Cependant, bien que - comme nous l’avons vu - l’autonomie décisionnelle puisse subsister jusqu’au stade avancé de la maladie (Agich 1999, Blanchard 2007, Gzil 2007, Jaworska 1999, Oppenheimer 1999), l’une des principales difficultés pour les professionnels de santé consiste en la possibilité de pouvoir évaluer rigoureusement la capacité décisionnelle du patient, afin de ne se substituer à la personne qu’en fonction de ses incapacités (Gzil 2007; Comité consultatif de Bioéthique de Belgique, 2001). C’est de cette évaluation que dépendra l’importance qui sera accordée par les professionnels de santé au consentement aux soins du patient. Si la capacité décisionnelle de la personne est disqualifiée, les soins pourront être réalisés sans le consentement du principal intéressé.

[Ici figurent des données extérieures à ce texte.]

(* Let $(a_n)_{n\ge 1}$ be a sequence of strictly positive real numbers with $\sum_{n\ge1}(1+n^2)^5a_n^2<\infty$. Let $H=\mathbb{R}\times l^2\times l^2$ and let $F:H\to H$ be defined, for $y=(x,(u_n)_{n\ge1},(v_n)_{n\ge1})\in H$, by $$F(y)=\Big(\sum_{n\ge1} n a_n^{1/2}\big(\sin(nx)u_n+\cos(nx)v_n\big),\ \big(a_n^{1/2}\cos(nx)\big)_{n\ge1},\ \big(-a_n^{1/2}\sin(nx)\big)_{n\ge1}\Big).$$ Let $W$ be a cylindrical Wiener process on $H$ and $\sigma$ the projection onto the first coordinate. For $N\ge1$ define $\Pi_N:H\to H$ by $\Pi_N(x,(u_n)_n,(v_n)_n)=(x,(u_1,\dots,u_N,0,0,\dots),(v_1,\dots,v_N,0,0,\dots))$. Fix $y\in H$, let $Y$ be the strong solution of $dY_t=F(Y_t)\,dt+\sigma\,dW_t$, $Y_0=y$, and let $Y^{(N)}$ be the strong solution of the (finite-dimensional) equation $dY^{(N)}_t=\Pi_N F(Y^{(N)}_t)\,dt+\sigma\,dW_t$, $Y^{(N)}_0=\Pi_N y$, driven by the same $W$. Then for all $T>0$ and all $\omega\in\Omega$, $$\lim_{N\to\infty}\sup_{0\le t\le T}\|Y^{(N)}(t)-Y(t)\|_H^2=0.$$
   Context: $H=\mathbb{R}\times l^2\times l^2$ is the Hilbert space with norm $\|y\|_H^2=|x|^2+\|(u_n)_n\|_{l^2}^2+\|(v_n)_n\|_{l^2}^2$. $\sigma W_t=(\beta_t,0,0)$ with $\beta$ a standard one-dimensional Brownian motion. The equation for $Y^{(N)}$ lives in $\mathbb{R}\times\mathbb{R}^N\times\mathbb{R}^N$ (identified with a subspace of $H$) and has a unique strong solution. *)

theory Defs
  imports "HOL-Analysis.Analysis"
begin

text \<open>Elements of H = R x l2 x l2 are represented as triples (x, u, v) with
  u, v :: nat => real, where the index 0 is unused (forced to be 0) so that
  u n is the paper's u_n for n >= 1.\<close>

type_synonym hpt = "real \<times> (nat \<Rightarrow> real) \<times> (nat \<Rightarrow> real)"

definition inH :: "hpt \<Rightarrow> bool" where
  "inH y = (case y of (x, u, v) \<Rightarrow>
      u 0 = 0 \<and> v 0 = 0 \<and> summable (\<lambda>n. (u n)\<^sup>2) \<and> summable (\<lambda>n. (v n)\<^sup>2))"

definition hnorm2 :: "hpt \<Rightarrow> real" where
  "hnorm2 y = (case y of (x, u, v) \<Rightarrow> x\<^sup>2 + (\<Sum>n. (u n)\<^sup>2) + (\<Sum>n. (v n)\<^sup>2))"

definition hsub :: "hpt \<Rightarrow> hpt \<Rightarrow> hpt" where
  "hsub y z = (fst y - fst z, (\<lambda>n. fst (snd y) n - fst (snd z) n),
                              (\<lambda>n. snd (snd y) n - snd (snd z) n))"

definition Fdrift :: "(nat \<Rightarrow> real) \<Rightarrow> hpt \<Rightarrow> hpt" where
  "Fdrift a y = (case y of (x, u, v) \<Rightarrow>
     ((\<Sum>n. real n * sqrt (a n) * (sin (real n * x) * u n + cos (real n * x) * v n)),
      (\<lambda>n. if n = 0 then 0 else sqrt (a n) * cos (real n * x)),
      (\<lambda>n. if n = 0 then 0 else - sqrt (a n) * sin (real n * x))))"

definition PiN :: "nat \<Rightarrow> hpt \<Rightarrow> hpt" where
  "PiN N y = (case y of (x, u, v) \<Rightarrow>
     (x, (\<lambda>n. if n \<le> N then u n else 0), (\<lambda>n. if n \<le> N then v n else 0)))"

text \<open>Pathwise strong solution on [0,\<infinity>) of dY = G(Y) dt + (d beta, 0, 0), Y 0 = y0,
  for a fixed continuous driving path beta with beta 0 = 0. The H-valued
  integral equation is written componentwise.\<close>
definition is_solution :: "(hpt \<Rightarrow> hpt) \<Rightarrow> (real \<Rightarrow> real) \<Rightarrow> hpt \<Rightarrow> (real \<Rightarrow> hpt) \<Rightarrow> bool" where
  "is_solution G beta y0 Y \<longleftrightarrow>
     (\<forall>t\<ge>0. inH (Y t)) \<and>
     (\<forall>t0\<ge>0. ((\<lambda>t. hnorm2 (hsub (Y t) (Y t0))) \<longlongrightarrow> 0) (at t0 within {0..})) \<and>
     (\<forall>t\<ge>0.
        fst (Y t) = fst y0 + integral {0..t} (\<lambda>s. fst (G (Y s))) + beta t \<and>
        (\<forall>n. fst (snd (Y t)) n = fst (snd y0) n + integral {0..t} (\<lambda>s. fst (snd (G (Y s))) n)) \<and>
        (\<forall>n. snd (snd (Y t)) n = snd (snd y0) n + integral {0..t} (\<lambda>s. snd (snd (G (Y s))) n)))"

end

theory Submission
  imports Defs
begin

text \<open>Only the \<open>x\<close>-component is coupled nonlinearly: the \<open>u\<^sub>n\<close>- and \<open>v\<^sub>n\<close>-components of both
  solutions are integrals of \<open>a\<^sub>n\<^sup>1\<^sup>/\<^sup>2 cos (n x)\<close> and \<open>-a\<^sub>n\<^sup>1\<^sup>/\<^sup>2 sin (n x)\<close>, and the Brownian
  increments cancel in the difference of the \<open>x\<close>-equations. Hence with \<open>e(t) = |x\<^sup>N(t) - x(t)|\<close>
  the modes \<open>n \<le> N\<close> differ by at most \<open>n a\<^sub>n\<^sup>1\<^sup>/\<^sup>2 \<integral>\<^sub>0\<^sup>t e\<close>, the modes \<open>n > N\<close> of \<open>Y\<^sup>N\<close> vanish and those
  of \<open>Y\<close> stay close to the initial data. Summing the mode-wise estimates (the weights are
  summable because \<open>\<Sum> n\<^sup>4 a\<^sub>n < \<infinity>\<close>) gives \<open>e(t) \<le> r\<^sub>N T + K \<integral>\<^sub>0\<^sup>t e\<close> with \<open>r\<^sub>N\<close> the tail of a
  convergent series, so Gronwall's inequality yields \<open>e \<le> r\<^sub>N T exp (K T) \<rightarrow> 0\<close> uniformly on
  \<open>[0, T]\<close>; the \<open>H\<close>-norm of the difference is bounded by this and by tails of the data.\<close>

lemma abs_sin_diff_le: "\<bar>sin x - sin y\<bar> \<le> \<bar>x - y\<bar>" for x y :: real
proof -
  have "\<bar>sin ((x - y) / 2)\<bar> * \<bar>cos ((x + y) / 2)\<bar> \<le> \<bar>x - y\<bar> / 2 * 1"
    using abs_sin_x_le_abs_x[of "(x - y) / 2"] by (intro mult_mono) auto
  then show ?thesis by (simp add: sin_diff_sin abs_mult)
qed

lemma abs_cos_diff_le: "\<bar>cos x - cos y\<bar> \<le> \<bar>x - y\<bar>" for x y :: real
proof -
  have "\<bar>sin ((x + y) / 2)\<bar> * \<bar>sin ((y - x) / 2)\<bar> \<le> 1 * (\<bar>x - y\<bar> / 2)"
    using abs_sin_x_le_abs_x[of "(y - x) / 2"] by (intro mult_mono) (auto simp: abs_minus_commute)
  then show ?thesis by (simp add: cos_diff_cos abs_mult)
qed

lemma abs_sin_mult_diff_le: "\<bar>sin (c * x) - sin (c * y)\<bar> \<le> \<bar>c\<bar> * \<bar>x - y\<bar>" for c x y :: real
  using abs_sin_diff_le[of "c * x" "c * y"] by (simp add: abs_mult flip: right_diff_distrib)

lemma abs_cos_mult_diff_le: "\<bar>cos (c * x) - cos (c * y)\<bar> \<le> \<bar>c\<bar> * \<bar>x - y\<bar>" for c x y :: real
  using abs_cos_diff_le[of "c * x" "c * y"] by (simp add: abs_mult flip: right_diff_distrib)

Indiquons rapidement ici que la compétence décisionnelle n’est pas la capacité juridique : un individu peut avoir été déclaré «  incapable  » du point de vue du droit et demeurer compétent pour prendre un certain nombre de décisions (Brechling, Schneider, 1993, p. 17-33 ; Eyraud, 2012). Ce point sera développé dans la partie consacrée aux différents textes de lois et aux recommandations de bonnes pratiques, mais insistons dès à présent qu’une mesure de mise sous protection juridique n’affecte en rien la capacité de la

personne à consentir aux soins qui lui sont proposés, ni l’obligation des professionnels de santé d’évaluer les facultés de la personne en vue que celle-ci soit « associée à l’exercice

de ses droits, autant qu’il est possible et compte tenu de sa capacité de compréhension » (article 14, § 3 de la loi belge du 22 aout 2002 relative aux droits du 33 patient).